Problem description =
How does the data below read from its first line through the line containing "I \<Longrightarrow> (\<Sum>j\<in>I."? Print those lines exactly.

Stored data entries
lemma schur_test:
  fixes G :: "'a \<Rightarrow> 'a \<Rightarrow> complex"
  assumes I: "finite I"
    and G: "\<And>i j. i \<in> I \<Longrightarrow> j \<in> I \<Longrightarrow> cmod (G i j) \<le> B i j"
    and sym: "\<And>i j. i \<in> I \<Longrightarrow> j \<in> I \<Longrightarrow> B i j = B j i"
    and rows: "\<And>i. i \<in> I \<Longrightarrow> (\<Sum>j\<in>I. B i j) \<le> S"
  shows "cmod (\<Sum>i\<in>I. \<Sum>j\<in>I. a i * c j * G i j) \<le> S / 2 * ((\<Sum>i\<in>I. (cmod (a i))\<^sup>2) + (\<Sum>i\<in>I. (cmod (c i))\<^sup>2))"
proof -
  have "cmod (\<Sum>i\<in>I. \<Sum>j\<in>I. a i * c j * G i j) \<le> (\<Sum>i\<in>I. \<Sum>j\<in>I. cmod (a i * c j * G i j))"
    by (rule order_trans[OF norm_sum sum_mono[OF norm_sum]])
  also have "\<dots> \<le> (\<Sum>i\<in>I. \<Sum>j\<in>I. ((cmod (a i))\<^sup>2 / 2 + (cmod (c j))\<^sup>2 / 2) * B i j)"
  proof (intro sum_mono)
    fix i j assume ij: "i \<in> I" "j \<in> I"
    have "cmod (a i) * cmod (c j) \<le> (cmod (a i))\<^sup>2 / 2 + (cmod (c j))\<^sup>2 / 2"
      using sum_squares_bound[of "cmod (a i)" "cmod (c j)"] by (simp add: power2_eq_square)
    then show "cmod (a i * c j * G i j) \<le> ((cmod (a i))\<^sup>2 / 2 + (cmod (c j))\<^sup>2 / 2) * B i j"
      unfolding norm_mult using G[OF ij] by (intro mult_mono) auto
  qed
  also have "\<dots> = (\<Sum>i\<in>I. (cmod (a i))\<^sup>2 / 2 * (\<Sum>j\<in>I. B i j)) + (\<Sum>j\<in>I. (cmod (c j))\<^sup>2 / 2 * (\<Sum>i\<in>I. B i j))"
  proof -
    have "(\<Sum>i\<in>I. \<Sum>j\<in>I. (cmod (c j))\<^sup>2 / 2 * B i j) = (\<Sum>j\<in>I. \<Sum>i\<in>I. (cmod (c j))\<^sup>2 / 2 * B i j)"
      by (rule sum.swap)
    then show ?thesis by (simp only: distrib_right sum.distrib sum_distrib_left)
  qed
  also have "\<dots> = (\<Sum>i\<in>I. (cmod (a i))\<^sup>2 / 2 * (\<Sum>j\<in>I. B i j)) + (\<Sum>j\<in>I. (cmod (c j))\<^sup>2 / 2 * (\<Sum>i\<in>I. B j i))"
    using sym by (intro arg_cong2[where f = "(+)"] refl sum.cong) auto
  also have "\<dots> \<le> (\<Sum>i\<in>I. (cmod (a i))\<^sup>2 / 2 * S) + (\<Sum>j\<in>I. (cmod (c j))\<^sup>2 / 2 * S)"
    using rows by (intro add_mono sum_mono mult_left_mono) auto
  also have "\<dots> = S / 2 * ((\<Sum>i\<in>I. (cmod (a i))\<^sup>2) + (\<Sum>i\<in>I. (cmod (c i))\<^sup>2))"
    by (simp add: sum_distrib_left sum_distrib_right algebra_simps)
  finally show ?thesis .
qed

Output for this exercise =
lemma schur_test:
  fixes G :: "'a \<Rightarrow> 'a \<Rightarrow> complex"
  assumes I: "finite I"
    and G: "\<And>i j. i \<in> I \<Longrightarrow> j \<in> I \<Longrightarrow> cmod (G i j) \<le> B i j"
    and sym: "\<And>i j. i \<in> I \<Longrightarrow> j \<in> I \<Longrightarrow> B i j = B j i"
    and rows: "\<And>i. i \<in> I \<Longrightarrow> (\<Sum>j\<in>I. B i j) \<le> S"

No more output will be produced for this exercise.